Copy precisely the first line of the material below and every later line, stopping with the line that contains "theta = exch".

Content starts

lemma alt_cycles_exch:
  assumes p: "is_perm n phi" and q: "is_perm n theta" and n: "1 \<le> n"
    and x: "x \<le> n" and y: "y \<le> n" and c_u: "bc phi (sucm n x) = y"
    and theta: "bc theta = exch n (bc phi) x y"
  shows "alt_cycles n phi = alt_cycles n theta"
proof (cases "y = x \<or> bc phi y = x")
  case True
  then show ?thesis using theta by (intro alt_cycles_cong[OF p n]) (simp add: exch_def)
next
  case False
  let ?c = "bc phi" and ?d = "bc theta" and ?u = "sucm n x"
  have u: "?u \<le> n" using sucm_le[OF x] .
  obtain w where w: "w \<le> n" "?c w = x" using bc_surj[OF p n x] .
  have c_x: "?c a = x \<longleftrightarrow> a = w" if "a \<le> n" for a
    using bc_eq_iff[OF p n that w(1)] w(2) by simp
  have y_u: "y \<noteq> ?u" using bc_no_fixpoint[OF p n u] c_u by auto
  have w_y: "w \<noteq> y" "w \<noteq> ?u" using w False c_u by auto
  have d: "?d a = (if a = ?u then ?c y else if a = w then y else if a = y then x else ?c a)"
    if "a \<le> n" for a
    using theta that False c_x[OF that] by (simp add: exch_def)
  have d_x: "?d a = x \<longleftrightarrow> a = y" if "a \<le> n" for a
    using d[OF that] c_x[OF that] False y_u w_y by auto
  have "sucm n y \<noteq> ?u" "sucm n (?c y) \<noteq> ?u"
    using False sucm_eq_iff[OF y x] sucm_eq_iff[OF bc_le[OF p n y] x] by auto
  then have moved: "alt_map n phi ?u \<noteq> ?u" "alt_map n theta ?u \<noteq> ?u"
    using alt_map_eq_sucm[OF p n u] alt_map_eq_sucm[OF q n u] d[OF u] c_u by auto
  show ?thesis
    unfolding alt_cycles_eq_num_cycles
  proof (rule num_cycles_eq_if_bypass_eq[OF _ alt_map_bij[OF p n] alt_map_bij[OF q n] _ moved])
    fix a assume a: "a \<in> {0..n}" "a \<noteq> ?u"
    then have a_le: "a \<le> n" by simp
    then show "bypass (alt_map n phi) ?u a = bypass (alt_map n theta) ?u a"
      using bypass_alt_map[OF p n x a_le] bypass_alt_map[OF q n x a_le] a(2)
        c_x d_x d[OF a_le] d[OF u] c_u w w_y by auto
  qed (use u in auto)
qed

lemma relabel_bij_up:
  assumes "x < n" "x + 1 < y" "y \<le> n"
  shows "bij_betw (relabel n x y) {0..n} {0..n}"
proof -
  have "inj_on (relabel n x y) {0..n}" "relabel n x y ` {0..n} \<subseteq> {0..n}"
    using assms by (auto simp: relabel_def inj_on_def split: if_splits)
  then show ?thesis using endo_inj_surj[of "{0..n}"] by (simp add: bij_betw_def)
qed

lemma relabel_bij_down:
  assumes "y < x" "x \<le> n"
  shows "bij_betw (relabel n x y) {0..n} {0..n}"
proof -
  have "inj_on (relabel n x y) {0..n}" "relabel n x y ` {0..n} \<subseteq> {0..n}"
    using assms by (auto simp: relabel_def inj_on_def split: if_splits)
  then show ?thesis using endo_inj_surj[of "{0..n}"] by (simp add: bij_betw_def)
qed

lemma alt_cycles_relabel:
  assumes p: "is_perm n phi" and q: "is_perm n theta" and n: "1 \<le> n"
    and r: "bij_betw r {0..n} {0..n}" and h: "h ` {0..n} \<subseteq> {0..n}"
    and r_h: "\<And>t. t \<le> n \<Longrightarrow> r (h t) = sucm n (r t)"
    and theta: "\<And>a. a \<le> n \<Longrightarrow> bc theta (r a) = r (bc phi a)"
  shows "alt_cycles n theta = num_cycles {0..n} (h \<circ> bc phi)"
    and "bij_betw (h \<circ> bc phi) {0..n} {0..n}"
proof -
  have c: "bc phi a \<in> {0..n}" if "a \<in> {0..n}" for a
    using bc_le[OF p n] that by simp
  then have hc: "(h \<circ> bc phi) ` {0..n} \<subseteq> {0..n}" using h by auto
  have comm: "r ((h \<circ> bc phi) a) = alt_map n theta (r a)" if "a \<in> {0..n}" for a
  proof -
    have "r ((h \<circ> bc phi) a) = sucm n (r (bc phi a))" using r_h c[OF that] by simp
    also have "\<dots> = sucm n (bc theta (r a))" using theta that by simp
    also have "\<dots> = alt_map n theta (r a)"
      using alt_map_eq_sucm[OF q n] bij_betw_apply[OF r that] by simp
    finally show ?thesis .
  qed
  show "alt_cycles n theta = num_cycles {0..n} (h \<circ> bc phi)"
    unfolding alt_cycles_eq_num_cycles by (rule num_cycles_conj[OF r hc]) (use comm in simp)
  show "bij_betw (h \<circ> bc phi) {0..n} {0..n}"
    by (rule bij_betw_conj[OF _ r alt_map_bij[OF q n] hc]) (use comm in simp_all)
qed
text \<open>The norm x \<mapsto> x^(q+1) maps F^* onto F_q^*: its fibres have at most q + 1 elements and
  (q + 1)(q - 1) = |F^*|.\<close>
lemma norm_onto_Fq_nonzero:
  assumes "c \<noteq> 0" "c^q = c"
  shows "\<exists>x::'a. x^(Suc q) = c"
proof -
  let ?A = "UNIV - {0::'a}"
  let ?N = "\<lambda>x::'a. x^(Suc q)"
  have sub: "?N ` ?A \<subseteq> Fq - {0}"
    unfolding Fq_def by (auto simp: power_mult_distrib conj_conj)
  have card_A: "card ?A \<le> Suc q * card (?N ` ?A)"
  proof (rule card_le_mult_card_image)
    show "card {x \<in> ?A. ?N x = y} \<le> Suc q" for y
    proof -
      have "{x \<in> ?A. ?N x = y} \<subseteq> {x. x^(Suc q) + 0*x = y}"
        by auto
      then show ?thesis
        using card_roots_power_plus_linear_le[of "Suc q" 0 y] q_ge_2
        by (meson card_mono finite le_trans le_SucI)
    qed
  qed simp
  have "Suc q * (q - 1) = q * q - 1"
    using q_ge_2 by (cases q) (auto simp: algebra_simps)
  also have "\<dots> = card ?A"
    using card_field by (simp add: card_Diff_singleton power2_eq_square)
  also have "\<dots> \<le> Suc q * card (?N ` ?A)"
    by (fact card_A)
  finally have "q - 1 \<le> card (?N ` ?A)"
    by (simp only: Suc_mult_le_cancel1)
  moreover have "card (Fq - {0}) = q - 1"
    using card_Fq unfolding Fq_def by simp
  ultimately have "?N ` ?A = Fq - {0}"
    using card_seteq[OF finite sub] by linarith
  moreover have "c \<in> Fq - {0}"
    using assms unfolding Fq_def by auto
  ultimately show ?thesis
    by (metis imageE)
qed
lemma clear_denominators:
  assumes "k > 0" "e \<le> F" "int G = int F + l"
    and X1: "of_int X1 = of_int p / real k ^ e + real k powi l * of_int X0 - real k ^ N * (of_int p / real k ^ e)"
  shows "int k ^ F * X1 = int k ^ G * X0 - (int k ^ N - 1) * (p * int k ^ (F - e))"
proof -
  define K where "K = real k"
  have "K > 0"
    using assms(1) by (simp add: K_def)
  have A: "K ^ F * (of_int p / K ^ e) = of_int p * K ^ (F - e)"
    using \<open>e \<le> F\<close> \<open>K > 0\<close> by (simp add: power_diff)
  have B: "K ^ F * K powi l = K ^ G"
    using \<open>K > 0\<close> \<open>int G = int F + l\<close> by (simp flip: power_int_of_nat power_int_add)
  have "K ^ F * of_int X1
      = K ^ F * (of_int p / K ^ e) + (K ^ F * K powi l) * of_int X0 - K ^ N * (K ^ F * (of_int p / K ^ e))"
    unfolding X1 K_def by (simp only: ring_distribs mult_ac)
  also have "\<dots> = K ^ G * of_int X0 - (K ^ N - 1) * of_int p * K ^ (F - e)"
    unfolding A B by (simp add: algebra_simps)
  finally have "real_of_int (int k ^ F * X1)
      = real_of_int (int k ^ G * X0 - (int k ^ N - 1) * (p * int k ^ (F - e)))"
    by (simp add: K_def algebra_simps)
  then show ?thesis
    by (simp only: of_int_eq_iff)
qed
(* Let $P_0$ be a policy over a DTD $D$, and let $P_1=(\mathcal A_1,\mathcal F_1)$ and $P_2=(\mathcal A_2,\mathcal F_2)$ be consistent total policies over $D$ that both extend $P_0$ (i.e. $P_0\sqsubseteq P_1$ and $P_0\sqsubseteq P_2$). Then $P_1\wedge P_2=(\mathcal A_1\cap\mathcal A_2,\ \mathcal F_1\cup\mathcal F_2)$ is a consistent total policy that extends $P_0$.
   Context: Let $\mathcal L$ be an infinite set of labels and $\mathsf{str}\notin\mathcal L$ a special symbol. A DTD is a triple $D=(Ele,Rg,rt)$ where $Ele\subseteq\mathcal L$ is finite, $rt\in Ele$ is the root type, and for each $A\in Ele$, $Rg(A)$ is one of: $\mathsf{str}$, $\epsilon$, $B_1,\dots,B_n$ (concatenation), $B_1+\dots+B_n$ (disjunction), or $B_1^*$ (Kleene star), where the $B_i\in Ele$ are pairwise distinct and are called subelement types of $A$. DTDs are non-recursive: the directed graph on $Ele$ with an edge $A\to B$ whenever $B$ is a subelement type of $A$ is acyclic. $\le_D$ denotes the reflexive–transitive closure of the subelement relation. We assume every element type is reachable from the root: $rt\le_D A$ for all $A\in Ele$. An XML tree is $t=(N_t,E_t,\lambda_t,r_t,v_t)$: a finite rooted unordered tree with node set $N_t$, parent–child edge set $E_t$, root $r_t$, labelling $\lambda_t:N_t\to\mathcal L\cup\{\mathsf{str}\}$, and a function $v_t$ assigning a string to each node labelled $\mathsf{str}$. The tree $t$ conforms to $D$ at $A\in Ele$ if $\lambda_t(r_t)=A$, every node is labelled by an element of $Ele\cup\{\mathsf{str}\}$, every node labelled $B\in Ele$ has children whose labels, listed in some order, form a word of the language of the regular expression $Rg(B)$ (with $Rg(B)=\mathsf{str}$ meaning a single child labelled $\mathsf{str}$ and $\epsilon$ meaning no children), and every node labelled $\mathsf{str}$ is a leaf with a defined string value. $I_D(A)$ is the set of trees conforming to $D$ at $A$, and $I_D=I_D(rt)$. Trees $t_1,t_2$ are isomorphic, $t_1\equiv t_2$, if there is a bijection $N_{t_1}\to N_{t_2}$ preserving root, edges, labels and string values. Atomic updates on a tree $t$: $\mathsf{insert}(n,t')$ adds the tree $t'$ with its root as a new child of $n$; $\mathsf{delete}(n)$ removes $n$ and all its descendants; $\mathsf{replace}(n,t')$ removes the subtree rooted at $n$ and attaches $t'$ (by its root) as a child of the former parent of $n$; $\mathsf{replace}(n,s)$, for a string $s$, sets the string value of $n$ to $s$. An update is valid on $t$ if $n\in N_t$ and the tree $t'$ (if present) has node set disjoint from $N_t$; $[\![op]\!](t)$ denotes the result. For a sequence, $[\![op_1;\dots;op_k]\!](t)=[\![op_k]\!](\cdots[\![op_1]\!](t)\cdots)$, and the sequence is valid on $t$ if each $op_i$ is valid on the result of $op_1;\dots;op_{i-1}$. Update access types (UATs) are expressions $(A,\mathsf{insert}(B))$, $(A,\mathsf{delete}(B))$, $(A,\mathsf{replace}(B,B'))$ with $B\neq B'$, and $(A,\mathsf{replace}(\mathsf{str},\mathsf{str}))$, with $A\in Ele$; $A$ is the element type of the UAT. Such a UAT is valid for $D$ iff, respectively: $Rg(A)=B^*$; $Rg(A)=B^*$; $Rg(A)=B_1+\dots+B_n$ with $B,B'\in\{B_1,\dots,B_n\}$, $B\neq B'$; $Rg(A)=\mathsf{str}$. $\mathrm{valid}(D)$ is the set of UATs valid for $D$. An atomic update matches a UAT on $t$ as follows: $\mathsf{insert}(n,t')$ matches $(A,\mathsf{insert}(B))$ if $\lambda_t(n)=A$ and $t'\in I_D(B)$; $\mathsf{delete}(n)$ matches $(A,\mathsf{delete}(B))$ if $\lambda_t(n)=B$ and the parent of $n$ is labelled $A$; $\mathsf{replace}(n,t')$ matches $(A,\mathsf{replace}(B,B'))$ if $\lambda_t(n)=B$, the parent of $n$ is labelled $A$, $t'\in I_D(B')$ and $B\neq B'$; $\mathsf{replace}(n,s)$ matches $(A,\mathsf{replace}(\mathsf{str},\mathsf{str}))$ if $\lambda_t(n)=\mathsf{str}$ and the parent of $n$ is labelled $A$. For a set $S$ of UATs, $[\![S]\!]_t$ is the set of atomic updates matching some element of $S$ on $t$. A sequence $op_1;\dots;op_k$ is allowed on $t$ by $S$ if it is valid on $t$ and $op_i\in[\![S]\!]_{t_{i-1}}$ for all $i$, where $t_0=t$ and $t_i=[\![op_i]\!](t_{i-1})$. A policy over $D$ is a pair $P=(\mathcal A,\mathcal F)$ with $\mathcal A,\mathcal F\subseteq\mathrm{valid}(D)$ and $\mathcal A\cap\mathcal F=\emptyset$ (allowed and forbidden UATs); it is total if $\mathcal A\cup\mathcal F=\mathrm{valid}(D)$ and partial otherwise. $P$ is consistent if there exist no $t\in I_D$, no sequence $op_1;\dots;op_k$ ($k\ge1$) allowed on $t$ by $\mathcal A$, and no $op_0\in[\![\mathcal F]\!]_t$ valid on $t$ and non-trivial (i.e. $[\![op_0]\!](t)\not\equiv t$) such that $[\![op_1;\dots;op_k]\!](t)\equiv[\![op_0]\!](t)$. Writing $P=(\mathcal A_P,\mathcal F_P)$, the information ordering is $P\sqsubseteq Q$ iff $\mathcal A_P\subseteq\mathcal A_Q$ and $\mathcal F_P\subseteq\mathcal F_Q$; then $Q$ is said to extend $P$. *)

theory Defs
  imports Main
begin
lemma resolvent_solution_exists:
  fixes g :: "real \<Rightarrow> complex"
  assumes g: "L2_01 g" and M: "fundamental_bound M"
  obtains f f1 where "continuous_on {0..1} f"
    and "H2_with_derivs f f1 (\<lambda>x. - \<i> * g x - of_real w * f x)"
    and "f 0 = 0" and "f1 1 = - \<i> * of_real k * f 1"
    and "\<And>x. x \<in> {0..1} \<Longrightarrow> norm (f x) \<le> resolvent_bound M * L2_norm g"
proof -
  obtain u u' where u_cont: "continuous_on {0..1} u" and "u 0 = 0"
    and u: "H2_with_derivs u u' (\<lambda>x. - \<i> * g x - of_real w * u x)"
    and u_bound: "\<And>x. x \<in> {0..1} \<Longrightarrow> norm (u x) \<le> (1 + 2 * M\<^sup>2 * \<bar>w\<bar>) * L2_norm g
      \<and> norm (u' x) \<le> (1 + 2 * M\<^sup>2 * \<bar>w\<bar>) * L2_norm g"
    using particular_solution[OF g M] by blast
  define \<alpha> where "\<alpha> = - (u' 1 + \<i> * of_real k * u 1) / boundary_determinant"
  define f where "f = (\<lambda>x. u x + \<alpha> * p x)"
  define f1 where "f1 = (\<lambda>x. u' x + \<alpha> * p' x)"
  show thesis
  proof
    show "continuous_on {0..1} f"
      unfolding f_def by (intro continuous_intros u_cont continuous_on_fundamental_system)
    show "H2_with_derivs f f1 (\<lambda>x. - \<i> * g x - of_real w * f x)"
      unfolding f_def f1_def using u by (rule H2_with_derivs_add_homogeneous)
    show "f 0 = 0" by (simp add: f_def \<open>u 0 = 0\<close> initial_values)
    have "f1 1 + \<i> * of_real k * f 1 = (u' 1 + \<i> * of_real k * u 1) + \<alpha> * boundary_determinant"
      by (simp add: f_def f1_def boundary_determinant_def algebra_simps)
    also have "\<dots> = 0" using boundary_determinant_nonzero by (simp add: \<alpha>_def)
    finally show "f1 1 = - \<i> * of_real k * f 1" by (simp add: eq_neg_iff_add_eq_0)
  next
    fix x :: real assume x: "x \<in> {0..1}"
    have "norm (f x) \<le> (1 + M * (1 + k) / norm boundary_determinant)
        * ((1 + 2 * M\<^sup>2 * \<bar>w\<bar>) * L2_norm g)"
      unfolding f_def using u_bound[of 1] u_bound[OF x]
      by (intro boundary_correction_norm_le[where u = u and u' = u', OF M x _ _ _ \<alpha>_def]) auto
    then show "norm (f x) \<le> resolvent_bound M * L2_norm g"
      by (simp add: resolvent_bound_def mult.assoc)
  qed
qed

Content ends

**THE ANSWER:**
lemma alt_cycles_exch:
  assumes p: "is_perm n phi" and q: "is_perm n theta" and n: "1 \<le> n"
    and x: "x \<le> n" and y: "y \<le> n" and c_u: "bc phi (sucm n x) = y"
    and theta: "bc theta = exch n (bc phi) x y"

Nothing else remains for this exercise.